As soon as I saw him, I felt, as often when we met, the familiar momentary wiping away of fret. I had felt the same, over five years before, when he visited me in that office, and we talked of the bomb, and I induced him to work on it.
‘Well, it’s happened,’ I said.
‘I’m afraid so,’ said Martin.
It was a curious phrase, inadequate and polite.
‘I don’t find it easy to take,’ I said.
‘It’s not pretty,’ said Martin.
I looked at him. His eyes were hard, bright, and steady, the corners of his mouth tucked in. I felt a jolt of disappointment; I was repelled by his stoicism. I had turned to him for support, and we had nothing to say to each other.
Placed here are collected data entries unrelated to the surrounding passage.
lemma psi_order_cases:
  assumes one: "\<psi> 1 = 1" and idx: "index_interval \<psi> \<subseteq> ereal ` ({0<..<1} \<union> {1<..<2})"
  obtains (order0) \<beta> where "psi_order \<psi> = 0" "\<beta> < 1" "almost_decreasing (\<lambda>r. \<psi> r / r powr \<beta>)"
    | (order1) \<alpha> where "psi_order \<psi> = 1" "1 < \<alpha>" "almost_increasing (\<lambda>r. \<psi> r / r powr \<alpha>)"
proof -
  have "lower_index \<psi> \<in> index_interval \<psi>"
    using lower_index_le_upper_index[of \<psi>, OF one] by (simp add: index_interval_def)
  then obtain m where m: "lower_index \<psi> = ereal m" "m \<in> {0<..<1} \<union> {1<..<2}"
    using idx by blast
  show thesis
  proof (cases "m < 1")
    case True
    then have "psi_order \<psi> = 0" using m by (intro psi_order_eqI) auto
    have "ereal 1 \<notin> index_interval \<psi>" using idx by auto
    then have "upper_index \<psi> < ereal 1" using m True by (auto simp: index_interval_def)
    then obtain \<beta> where "\<beta> < 1" "almost_decreasing (\<lambda>r. \<psi> r / r powr \<beta>)"
      unfolding upper_index_def Inf_less_iff by auto
    with \<open>psi_order \<psi> = 0\<close> show thesis by (rule order0)
  next
    case False
    then have "1 < m" using m by auto
    then have "psi_order \<psi> = 1" using m by (intro psi_order_eqI) auto
    have "ereal 1 < lower_index \<psi>" using \<open>1 < m\<close> m(1) by simp
    then obtain \<alpha> where "1 < \<alpha>" "almost_increasing (\<lambda>r. \<psi> r / r powr \<alpha>)"
      unfolding lower_index_def less_Sup_iff by auto
    with \<open>psi_order \<psi> = 1\<close> show thesis by (rule order1)
  qed
qed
Without pretending to be light-hearted, Martin kept up the same level, disciplined manner. He made some comments about his journey, then he asked where we should eat.
‘Where you like,’ I said.
His eyes searched mine.
‘Would you rather wait a bit?’
‘I don’t care,’ I said.
‘I mean,’ said Martin, his eyes harder, ‘would you rather wait and talk? Because if so it may take some time.’
‘It depends what we talk about—’
‘What do you think I’m going to talk about?’
His voice was not raised — but suddenly I realized it was unsteady with anger.
‘I thought you felt it wasn’t any use—’
‘It may be a great deal of use,’ said Martin. His voice was still quiet, his temper utterly let go.
‘What do you mean?’
‘You don’t expect me to sit by and hear about this performance, and not say that I should like my dissent recorded in the minutes?’
‘I’ve felt the same,’ I said.
‘I know you have,’ said Martin. ‘But the question is: what is a man to do?’
‘I doubt if you can do anything,’ I said.
Martin said: ‘I think I can.’
‘It’s happened now,’ I said. ‘There’s nothing to do.’
‘I disagree.’
At that moment, each of us, staring into the other’s eyes, shared the other’s feeling, and knew that our wills must cross.